lemma LCU_tensor_maximally_mixed:
  assumes "vnorm Q6 G = 1" "\<forall>u\<in>Q6. apply_op Q6 (pauli Q6 {u} (nbrs6 u)) G = G"
    and "\<forall>i<length parties6. unitary_on (parties6 ! i) (U i)"
    and "Q1 \<inter> Q2 = {}" "Q1 \<union> Q2 = Q6" "finite Q1" "finite Q2"
    and "apply_op Q6 (local_op Q6 parties6 U) G = (\<lambda>S. c * tensor_state Q1 Q2 \<psi>1 \<psi>2 S)"
    and "X \<in> party_cuts6"
  shows "maximally_mixed Q1 (X \<inter> Q1) \<psi>1 \<and> maximally_mixed Q2 (X \<inter> Q2) \<psi>2"
proof -
  obtain I where I: "I \<in> {{0}, {1}, {2}, {3}, {2, 3}, {0, 2}, {0, 3}, {1, 2}, {1, 3}}"
    and X: "X = (\<Union>i\<in>I. parties6 ! i)"
    using \<open>X \<in> party_cuts6\<close> unfolding party_cuts6_def by blast
  then have "I \<subseteq> {..<4}" by auto
  have "finite Q6" by (simp add: Q6_def)
  have "X \<subseteq> Q6" unfolding X parties6_partition(4) using \<open>I \<subseteq> {..<4}\<close> by auto
  moreover have "full_cut_rank Q6 nbrs6 X" using full_cut_rank_party_cuts6 assms(9) by blast
  ultimately have "maximally_mixed Q6 X G"
    using graph_state_maximally_mixed[OF \<open>finite Q6\<close> nbrs6_loop_free assms(2,1)] by blast
  then have "maximally_mixed Q6 X (apply_op Q6 (local_op Q6 parties6 U) G)"
    unfolding apply_op_local_op X using \<open>I \<subseteq> {..<4}\<close> assms(3) parties6_partition
    by (intro maximally_mixed_local_prod) auto
  then have "maximally_mixed (Q1 \<union> Q2) X (\<lambda>S. c * tensor_state Q1 Q2 \<psi>1 \<psi>2 S)"
    "maximally_mixed (Q2 \<union> Q1) X (\<lambda>S. c * tensor_state Q2 Q1 \<psi>2 \<psi>1 S)"
    using assms(5,8) by (simp_all add: tensor_state_commute Un_commute)
  then show ?thesis
    using maximally_mixed_tensor_state assms(4,6,7) by (metis inf_commute)
qed

lemma party_side_not_AME:
  assumes "stabilizer_state Q \<psi>" "a \<in> {1, 4}" "b \<in> {3, 6}" "Q = {a, b, 2, 5}"
    and "\<forall>X\<in>party_cuts6. maximally_mixed Q (X \<inter> Q) \<psi>"
  shows False
proof -
  have "{2, 5} \<inter> Q = {2, 5}" "{1, 2, 4} \<inter> Q = {a, 2}" "{1, 4, 5} \<inter> Q = {a, 5}"
    using assms(2-4) by auto
  then have "maximally_mixed Q {2, 5} \<psi>" "maximally_mixed Q {a, 2} \<psi>" "maximally_mixed Q {a, 5} \<psi>"
    using assms(5) unfolding party_cuts6_eq by (metis insertCI)+
  moreover have "distinct [a, b, 2, 5]" using assms(2,3) by auto
  ultimately show False
    using stabilizer_state_not_AME_4 assms(1,4) by blast
qed

definition balanced6 :: "nat set \<Rightarrow> bool" where
  "balanced6 Q \<longleftrightarrow> (\<forall>X\<in>party_cuts6. card (X \<inter> Q) \<le> card (Q - X))"

lemma balanced6_bipartitions:
  "\<forall>Q1\<in>Pow Q6. Q1 \<noteq> {} \<longrightarrow> Q1 \<noteq> Q6 \<longrightarrow> balanced6 Q1 \<longrightarrow> balanced6 (Q6 - Q1) \<longrightarrow>
     (\<exists>a\<in>{1, 4}. \<exists>b\<in>{3, 6}. Q1 = {a, b, 2, 5} \<or> Q6 - Q1 = {a, b, 2, 5})"
  unfolding balanced6_def party_cuts6_eq Q6_def by code_simp

lemma stabilizer_state_balanced6:
  assumes "stabilizer_state Q \<psi>" "\<forall>X\<in>party_cuts6. maximally_mixed Q (X \<inter> Q) \<psi>"
  shows "balanced6 Q"
  unfolding balanced6_def
proof
  fix X assume "X \<in> party_cuts6"
  then have "card (X \<inter> Q) \<le> card (Q - X \<inter> Q)"
    using stabilizer_maximally_mixed_card_le assms by blast
  moreover have "Q - X \<inter> Q = Q - X" by blast
  ultimately show "card (X \<inter> Q) \<le> card (Q - X)" by simp
qed

theorem mainTheorem14:
  fixes G :: state
  assumes "vec_on Q6 G" and "vnorm Q6 G = 1"
    and "\<forall>u\<in>Q6. apply_op Q6 (pauli Q6 {u} (nbrs6 u)) G = G"
  shows "\<not> (\<exists>Q1 Q2 (\<psi>1::state) (\<psi>2::state) (U :: nat \<Rightarrow> op) (c::complex).
            Q1 \<inter> Q2 = {} \<and> Q1 \<union> Q2 = Q6 \<and> Q1 \<noteq> {} \<and> Q2 \<noteq> {} \<and>
            stabilizer_state Q1 \<psi>1 \<and> stabilizer_state Q2 \<psi>2 \<and>
            (\<forall>i<length parties6. clifford (parties6 ! i) (U i)) \<and>
            cmod c = 1 \<and>
            apply_op Q6 (local_op Q6 parties6 U) G = (\<lambda>S. c * tensor_state Q1 Q2 \<psi>1 \<psi>2 S))"
proof (intro notI, elim exE conjE)
  fix Q1 Q2 \<psi>1 \<psi>2 U c
  assume Q: "Q1 \<inter> Q2 = {}" "Q1 \<union> Q2 = Q6" "Q1 \<noteq> {}" "Q2 \<noteq> {}"
    and \<psi>: "stabilizer_state Q1 \<psi>1" "stabilizer_state Q2 \<psi>2"
    and U: "\<forall>i<length parties6. clifford (parties6 ! i) (U i)" and "cmod c = 1"
    and eq: "apply_op Q6 (local_op Q6 parties6 U) G = (\<lambda>S. c * tensor_state Q1 Q2 \<psi>1 \<psi>2 S)"
  have "\<forall>i<length parties6. unitary_on (parties6 ! i) (U i)"
    using U by (simp add: clifford_def)
  moreover have "finite Q1" "finite Q2" using \<psi> by (simp_all add: stabilizer_state_def)
  ultimately have mixed: "\<forall>X\<in>party_cuts6. maximally_mixed Q1 (X \<inter> Q1) \<psi>1 \<and> maximally_mixed Q2 (X \<inter> Q2) \<psi>2"
    using LCU_tensor_maximally_mixed[OF assms(2,3) _ Q(1,2) _ _ eq] by blast
  then have "balanced6 Q1" "balanced6 Q2"
    using stabilizer_state_balanced6 \<psi> by blast+
  moreover have "Q1 \<in> Pow Q6" "Q1 \<noteq> Q6" "Q2 = Q6 - Q1" using Q by auto
  ultimately obtain a b where "a \<in> {1, 4}" "b \<in> {3, 6}" "Q1 = {a, b, 2, 5} \<or> Q2 = {a, b, 2, 5}"
    using balanced6_bipartitions Q(3) by metis
  then show False
    using party_side_not_AME \<psi> mixed by blast
qed

end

WHAT YOU HAVE TO DO
After reading the listing above, print each line back exactly.

RESULT FOR THIS TASK
lemma LCU_tensor_maximally_mixed:
  assumes "vnorm Q6 G = 1" "\<forall>u\<in>Q6. apply_op Q6 (pauli Q6 {u} (nbrs6 u)) G = G"
    and "\<forall>i<length parties6. unitary_on (parties6 ! i) (U i)"
    and "Q1 \<inter> Q2 = {}" "Q1 \<union> Q2 = Q6" "finite Q1" "finite Q2"
    and "apply_op Q6 (local_op Q6 parties6 U) G = (\<lambda>S. c * tensor_state Q1 Q2 \<psi>1 \<psi>2 S)"
    and "X \<in> party_cuts6"
  shows "maximally_mixed Q1 (X \<inter> Q1) \<psi>1 \<and> maximally_mixed Q2 (X \<inter> Q2) \<psi>2"
proof -
  obtain I where I: "I \<in> {{0}, {1}, {2}, {3}, {2, 3}, {0, 2}, {0, 3}, {1, 2}, {1, 3}}"
    and X: "X = (\<Union>i\<in>I. parties6 ! i)"
    using \<open>X \<in> party_cuts6\<close> unfolding party_cuts6_def by blast
  then have "I \<subseteq> {..<4}" by auto
  have "finite Q6" by (simp add: Q6_def)
  have "X \<subseteq> Q6" unfolding X parties6_partition(4) using \<open>I \<subseteq> {..<4}\<close> by auto
  moreover have "full_cut_rank Q6 nbrs6 X" using full_cut_rank_party_cuts6 assms(9) by blast
  ultimately have "maximally_mixed Q6 X G"
    using graph_state_maximally_mixed[OF \<open>finite Q6\<close> nbrs6_loop_free assms(2,1)] by blast
  then have "maximally_mixed Q6 X (apply_op Q6 (local_op Q6 parties6 U) G)"
    unfolding apply_op_local_op X using \<open>I \<subseteq> {..<4}\<close> assms(3) parties6_partition
    by (intro maximally_mixed_local_prod) auto
  then have "maximally_mixed (Q1 \<union> Q2) X (\<lambda>S. c * tensor_state Q1 Q2 \<psi>1 \<psi>2 S)"
    "maximally_mixed (Q2 \<union> Q1) X (\<lambda>S. c * tensor_state Q2 Q1 \<psi>2 \<psi>1 S)"
    using assms(5,8) by (simp_all add: tensor_state_commute Un_commute)
  then show ?thesis
    using maximally_mixed_tensor_state assms(4,6,7) by (metis inf_commute)
qed

lemma party_side_not_AME:
  assumes "stabilizer_state Q \<psi>" "a \<in> {1, 4}" "b \<in> {3, 6}" "Q = {a, b, 2, 5}"
    and "\<forall>X\<in>party_cuts6. maximally_mixed Q (X \<inter> Q) \<psi>"
  shows False
proof -
  have "{2, 5} \<inter> Q = {2, 5}" "{1, 2, 4} \<inter> Q = {a, 2}" "{1, 4, 5} \<inter> Q = {a, 5}"
    using assms(2-4) by auto
  then have "maximally_mixed Q {2, 5} \<psi>" "maximally_mixed Q {a, 2} \<psi>" "maximally_mixed Q {a, 5} \<psi>"
    using assms(5) unfolding party_cuts6_eq by (metis insertCI)+
  moreover have "distinct [a, b, 2, 5]" using assms(2,3) by auto
  ultimately show False
    using stabilizer_state_not_AME_4 assms(1,4) by blast
qed

definition balanced6 :: "nat set \<Rightarrow> bool" where
  "balanced6 Q \<longleftrightarrow> (\<forall>X\<in>party_cuts6. card (X \<inter> Q) \<le> card (Q - X))"

lemma balanced6_bipartitions:
  "\<forall>Q1\<in>Pow Q6. Q1 \<noteq> {} \<longrightarrow> Q1 \<noteq> Q6 \<longrightarrow> balanced6 Q1 \<longrightarrow> balanced6 (Q6 - Q1) \<longrightarrow>
     (\<exists>a\<in>{1, 4}. \<exists>b\<in>{3, 6}. Q1 = {a, b, 2, 5} \<or> Q6 - Q1 = {a, b, 2, 5})"
  unfolding balanced6_def party_cuts6_eq Q6_def by code_simp

lemma stabilizer_state_balanced6:
  assumes "stabilizer_state Q \<psi>" "\<forall>X\<in>party_cuts6. maximally_mixed Q (X \<inter> Q) \<psi>"
  shows "balanced6 Q"
  unfolding balanced6_def
proof
  fix X assume "X \<in> party_cuts6"
  then have "card (X \<inter> Q) \<le> card (Q - X \<inter> Q)"
    using stabilizer_maximally_mixed_card_le assms by blast
  moreover have "Q - X \<inter> Q = Q - X" by blast
  ultimately show "card (X \<inter> Q) \<le> card (Q - X)" by simp
qed

theorem mainTheorem14:
  fixes G :: state
  assumes "vec_on Q6 G" and "vnorm Q6 G = 1"
    and "\<forall>u\<in>Q6. apply_op Q6 (pauli Q6 {u} (nbrs6 u)) G = G"
  shows "\<not> (\<exists>Q1 Q2 (\<psi>1::state) (\<psi>2::state) (U :: nat \<Rightarrow> op) (c::complex).
            Q1 \<inter> Q2 = {} \<and> Q1 \<union> Q2 = Q6 \<and> Q1 \<noteq> {} \<and> Q2 \<noteq> {} \<and>
            stabilizer_state Q1 \<psi>1 \<and> stabilizer_state Q2 \<psi>2 \<and>
            (\<forall>i<length parties6. clifford (parties6 ! i) (U i)) \<and>
            cmod c = 1 \<and>
            apply_op Q6 (local_op Q6 parties6 U) G = (\<lambda>S. c * tensor_state Q1 Q2 \<psi>1 \<psi>2 S))"
proof (intro notI, elim exE conjE)
  fix Q1 Q2 \<psi>1 \<psi>2 U c
  assume Q: "Q1 \<inter> Q2 = {}" "Q1 \<union> Q2 = Q6" "Q1 \<noteq> {}" "Q2 \<noteq> {}"
    and \<psi>: "stabilizer_state Q1 \<psi>1" "stabilizer_state Q2 \<psi>2"
    and U: "\<forall>i<length parties6. clifford (parties6 ! i) (U i)" and "cmod c = 1"
    and eq: "apply_op Q6 (local_op Q6 parties6 U) G = (\<lambda>S. c * tensor_state Q1 Q2 \<psi>1 \<psi>2 S)"
  have "\<forall>i<length parties6. unitary_on (parties6 ! i) (U i)"
    using U by (simp add: clifford_def)
  moreover have "finite Q1" "finite Q2" using \<psi> by (simp_all add: stabilizer_state_def)
  ultimately have mixed: "\<forall>X\<in>party_cuts6. maximally_mixed Q1 (X \<inter> Q1) \<psi>1 \<and> maximally_mixed Q2 (X \<inter> Q2) \<psi>2"
    using LCU_tensor_maximally_mixed[OF assms(2,3) _ Q(1,2) _ _ eq] by blast
  then have "balanced6 Q1" "balanced6 Q2"
    using stabilizer_state_balanced6 \<psi> by blast+
  moreover have "Q1 \<in> Pow Q6" "Q1 \<noteq> Q6" "Q2 = Q6 - Q1" using Q by auto
  ultimately obtain a b where "a \<in> {1, 4}" "b \<in> {3, 6}" "Q1 = {a, b, 2, 5} \<or> Q2 = {a, b, 2, 5}"
    using balanced6_bipartitions Q(3) by metis
  then show False
    using party_side_not_AME \<psi> mixed by blast
qed

end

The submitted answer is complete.